The program control instructions are listed in figure 2. Calls are unconditional and the call uses 
absolute addresses. The jump, loop and return instructions may be conditional or 
unconditional. Jump instructions use addresses that are relative to the program counter. 


15 14 13 12 11 10 9 8 5 4 3 2 1 O 
CALL 00 Absolute Address 
JMP 01 00 Condition Relative Address 
RET 01 01 Condition 0 
LOOP 01 01 Condition 1 
MARK 01 10 0 | 0 
STRA 01 10 0 | 1 
REP 01 10 1 000 Count 


Figure 2 — Program Control Instructions 


Three condition flags may be tested as shown in figure 3. The C, V and Z bits are the carry, 
overflow and zero flags for comparison operations and for 16-bit arithmetic operations, 
including add, subtract, increment and decrement.
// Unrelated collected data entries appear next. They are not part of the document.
lemma card_sink_fixing_maps:
  assumes "finite Q" "z \<in> Q"
  shows "card (sink_fixing_maps Q z) = card Q ^ (card Q - 1)"
proof -
  have "card (sink_fixing_maps Q z) = (\<Prod>q\<in>Q. if q = z then 1 else card Q)"
    unfolding sink_fixing_maps_def using assms(1) by (simp add: card_PiE if_distrib cong: if_cong)
  also have "\<dots> = (\<Prod>q\<in>Q - {z}. card Q)"
    using assms by (simp add: prod.If_cases Int_absorb1 Diff_eq[symmetric])
  also have "\<dots> = card Q ^ (card Q - 1)"
    using assms by (simp add: card_Diff_singleton)
  finally show ?thesis .
qed

lemma left_quotient_lists: "x \<in> lists S \<Longrightarrow> left_quotient S x (lists S) = lists S"
  by (auto simp: left_quotient_def)

lemma left_quotient_empty: "left_quotient S x {} = {}"
  by (simp add: left_quotient_def)

lemma sink_quotient_exists:
  assumes "L \<subseteq> lists S" "right_ideal S L \<or> prefix_closed L"
  obtains K0 where "K0 \<in> quotients S L" "\<And>x. x \<in> lists S \<Longrightarrow> left_quotient S x K0 = K0"
proof -
  have "\<exists>w\<in>lists S. left_quotient S w L = lists S \<or> left_quotient S w L = {}"
  proof (cases "right_ideal S L")
    case True
    then obtain w where "w \<in> L"
      by (auto simp: right_ideal_def)
    have "w @ v \<in> L" if "v \<in> lists S" for v
      using True \<open>w \<in> L\<close> that unfolding right_ideal_def by blast
    then have "left_quotient S w L = lists S"
      by (auto simp: left_quotient_def)
    then show ?thesis
      using \<open>w \<in> L\<close> assms(1) by blast
  next
    case False
    then have "prefix_closed L"
      using assms(2) by blast
    show ?thesis
    proof (cases "L = lists S")
      case True
      then show ?thesis
        by (auto simp: left_quotient_def intro!: bexI[of _ "[]"])
    next
      case False
      then obtain w where "w \<in> lists S" "w \<notin> L"
        using assms(1) by blast
      moreover from this have "left_quotient S w L = {}"
        using \<open>prefix_closed L\<close> by (auto simp: left_quotient_def prefix_closed_def)
      ultimately show ?thesis
        by blast
    qed
  qed
  then obtain w where w: "w \<in> lists S" "left_quotient S w L = lists S \<or> left_quotient S w L = {}"
    by blast
  then have "left_quotient S w L \<in> quotients S L"
    unfolding quotients_def by blast
  moreover have "left_quotient S x (left_quotient S w L) = left_quotient S w L" if "x \<in> lists S" for x
    using w(2) that left_quotient_lists left_quotient_empty by metis
  ultimately show thesis
    using that by blast
qed

lemma transformations_subset_sink_fixing_maps:
  assumes "K0 \<in> quotients S L" "\<And>x. x \<in> lists S \<Longrightarrow> left_quotient S x K0 = K0"
  shows "transformation S L ` lists S \<subseteq> sink_fixing_maps (quotients S L) K0"
proof
  fix f assume "f \<in> transformation S L ` lists S"
  then obtain x where "x \<in> lists S" "f = transformation S L x"
    by blast
  then show "f \<in> sink_fixing_maps (quotients S L) K0"
    unfolding transformation_def
    by (simp add: restrict_in_sink_fixing_maps_iff[OF assms(1)] assms(2) left_quotient_in_quotients)
qed

theorem synt_complexity_le:
  assumes "L \<subseteq> lists S" "right_ideal S L \<or> prefix_closed L" "quot_complexity S L = n" "n \<ge> 1"
  shows "synt_complexity S L \<le> n ^ (n - 1)"
proof -
  obtain K0 where K0: "K0 \<in> quotients S L" "\<And>x. x \<in> lists S \<Longrightarrow> left_quotient S x K0 = K0"
    using sink_quotient_exists[OF assms(1,2)] by blast
  have finite: "finite (quotients S L)" and card: "card (quotients S L) = n"
    using assms(3,4) by (auto simp: quot_complexity_def intro: card_ge_0_finite)
  have "transformation S L ` (lists S - {[]}) \<subseteq> sink_fixing_maps (quotients S L) K0"
    using transformations_subset_sink_fixing_maps[OF K0] by blast
  moreover have "finite (sink_fixing_maps (quotients S L) K0)"
    using finite by (simp add: sink_fixing_maps_def finite_PiE)
  ultimately show ?thesis
    using card_mono card_sink_fixing_maps[OF finite K0(1)] card
    by (fastforce simp: synt_complexity_eq_card_transformations)
qed

section \<open>Letters needed to realise every sink-fixing transformation\<close>

definition avoids_sink :: "'s set \<Rightarrow> 's \<Rightarrow> ('s \<Rightarrow> 's) \<Rightarrow> bool" where
  "avoids_sink Q z f \<longleftrightarrow> (\<forall>q\<in>Q. f q = z \<longrightarrow> q = z)"

lemma inj_on_run_iff:
  assumes "finite Q" "\<forall>a\<in>set w. \<delta> a \<in> Q \<rightarrow> Q"
  shows "inj_on (\<lambda>q. run \<delta> q w) Q \<longleftrightarrow> (\<forall>a\<in>set w. inj_on (\<delta> a) Q)"
  using assms(2)
proof (induction w)
  case Nil
  then show ?case by (simp add: inj_on_def)
next
  case (Cons a w)
  have "inj_on ((\<lambda>q. run \<delta> q w) \<circ> \<delta> a) Q \<longleftrightarrow> inj_on (\<delta> a) Q \<and> inj_on (\<lambda>q. run \<delta> q w) Q"
  proof
    assume inj: "inj_on ((\<lambda>q. run \<delta> q w) \<circ> \<delta> a) Q"
    then have inj_a: "inj_on (\<delta> a) Q"
      by (rule inj_on_imageI2)
    moreover have "\<delta> a ` Q = Q"
      using endo_inj_surj[OF assms(1) _ inj_a] Cons.prems by auto
    ultimately show "inj_on (\<delta> a) Q \<and> inj_on (\<lambda>q. run \<delta> q w) Q"
      using comp_inj_on_iff inj by metis
  next
    assume "inj_on (\<delta> a) Q \<and> inj_on (\<lambda>q. run \<delta> q w) Q"
    then show "inj_on ((\<lambda>q. run \<delta> q w) \<circ> \<delta> a) Q"
      using Cons.prems by (auto intro: comp_inj_on inj_on_subset)
  qed
  then show ?case
    using Cons by (simp add: comp_def)
qed

lemma avoids_sink_run:
  "\<forall>a\<in>set w. \<delta> a \<in> Q \<rightarrow> Q \<and> avoids_sink Q z (\<delta> a) \<Longrightarrow> avoids_sink Q z (\<lambda>q. run \<delta> q w)"
proof (induction w)
  case (Cons a w)
  show ?case
  proof (unfold avoids_sink_def, intro ballI impI)
    fix q assume q: "q \<in> Q" "run \<delta> q (a # w) = z"
    have "\<delta> a q \<in> Q"
      using Cons.prems q(1) by auto
    moreover have "avoids_sink Q z (\<lambda>q. run \<delta> q w)"
      using Cons by simp
    ultimately have "\<delta> a q = z"
      using q(2) unfolding avoids_sink_def by simp
    then show "q = z"
      using Cons.prems q(1) by (simp add: avoids_sink_def)
  qed
qed (simp add: avoids_sink_def)

text \<open>Reading the word from the left, the first letter entering the sink would make the whole
  word enter it, and an injective first letter permutes the states and can be skipped.\<close>

lemma ex_letter_avoiding_sink_not_inj:
  assumes "finite Q" "\<forall>a\<in>set w. \<delta> a \<in> Q \<rightarrow> Q" "\<forall>a\<in>set w. \<delta> a z = z"
    and "avoids_sink Q z (\<lambda>q. run \<delta> q w)" "\<not> inj_on (\<lambda>q. run \<delta> q w) Q"
  shows "\<exists>a\<in>set w. avoids_sink Q z (\<delta> a) \<and> \<not> inj_on (\<delta> a) Q"
  using assms(2-)
proof (induction w)
  case Nil
  then show ?case by (simp add: inj_on_def)
next
  case (Cons b w)
  show ?case
  proof (cases "avoids_sink Q z (\<delta> b) \<and> \<not> inj_on (\<delta> b) Q")
    case True
    then show ?thesis by simp
  next
    case False
    have "avoids_sink Q z (\<delta> b)"
    proof (unfold avoids_sink_def, intro ballI impI)
      fix q assume "q \<in> Q" "\<delta> b q = z"
      then have "run \<delta> q (b # w) = z"
        using Cons.prems(2) run_fixed_point[of w \<delta> z] by simp
      then show "q = z"
        using Cons.prems(3) \<open>q \<in> Q\<close> by (simp add: avoids_sink_def)
    qed
    with False have inj_b: "inj_on (\<delta> b) Q"
      by blast
    then have image_b: "\<delta> b ` Q = Q"
      using endo_inj_surj[OF assms(1)] Cons.prems(1) by auto
    have "\<not> inj_on (\<lambda>q. run \<delta> q w) Q"
    proof
      assume "inj_on (\<lambda>q. run \<delta> q w) Q"
      then have "\<forall>a\<in>set (b # w). inj_on (\<delta> a) Q"
        using inj_b inj_on_run_iff[OF assms(1), of w \<delta>] Cons.prems(1) by simp
      then show False
        using Cons.prems(4) inj_on_run_iff[OF assms(1) Cons.prems(1)] by blast
    qed
    moreover have "avoids_sink Q z (\<lambda>q. run \<delta> q w)"
    proof (unfold avoids_sink_def, intro ballI impI)
      fix q assume "q \<in> Q" "run \<delta> q w = z"
      then obtain p where "p \<in> Q" "q = \<delta> b p"
        using image_b by blast
      then have "p = z"
        using Cons.prems(3) \<open>run \<delta> q w = z\<close> by (simp add: avoids_sink_def)
      then show "q = z"
        using Cons.prems(2) \<open>q = \<delta> b p\<close> by simp
    qed
    ultimately show ?thesis
      using Cons by auto
  qed
qed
The C bit is also altered by bit test and 
shifting operations. The Z bit is necessary for loop control and the C bit is necessary for multi- 
word shifts and software multiplication and division routines. 


Condition Description 


000 Always 

001 Never (NOP) 

010 V set by previous arithmetic or comparison instruction 

011 V reset by previous arithmetic or comparison instruction 

100 Z set by previous arithmetic or comparison instruction 

101 Z reset by previous arithmetic or comparison instruction 

110 C set by previous arithmetic, comparison, shift or bit test instruction 
111 C reset by previous arithmetic, comparison, shift or bit test instruction 


Figure 3 — Jump Conditions 


The assembly language representation is an instruction name that specifies any condition 
code followed by an operand specifying the absolute address for calls or the relative address 
for jumps. Mark, return and loop instructions have no operand. Repeat has a single numeric 
operand. 


JMP loads the program counter (PC) with the specified address and continues program 
execution from that location. JV, JNV, JZ, JNZ, JC and JNC jump if the V bit is true, the V bit is 
false, the Z bit is set, the Z bit is reset, the C bit is set or the C bit is reset. Otherwise, 
execution continues with the next instruction in sequence. The operand may be a label or a 
numeric value.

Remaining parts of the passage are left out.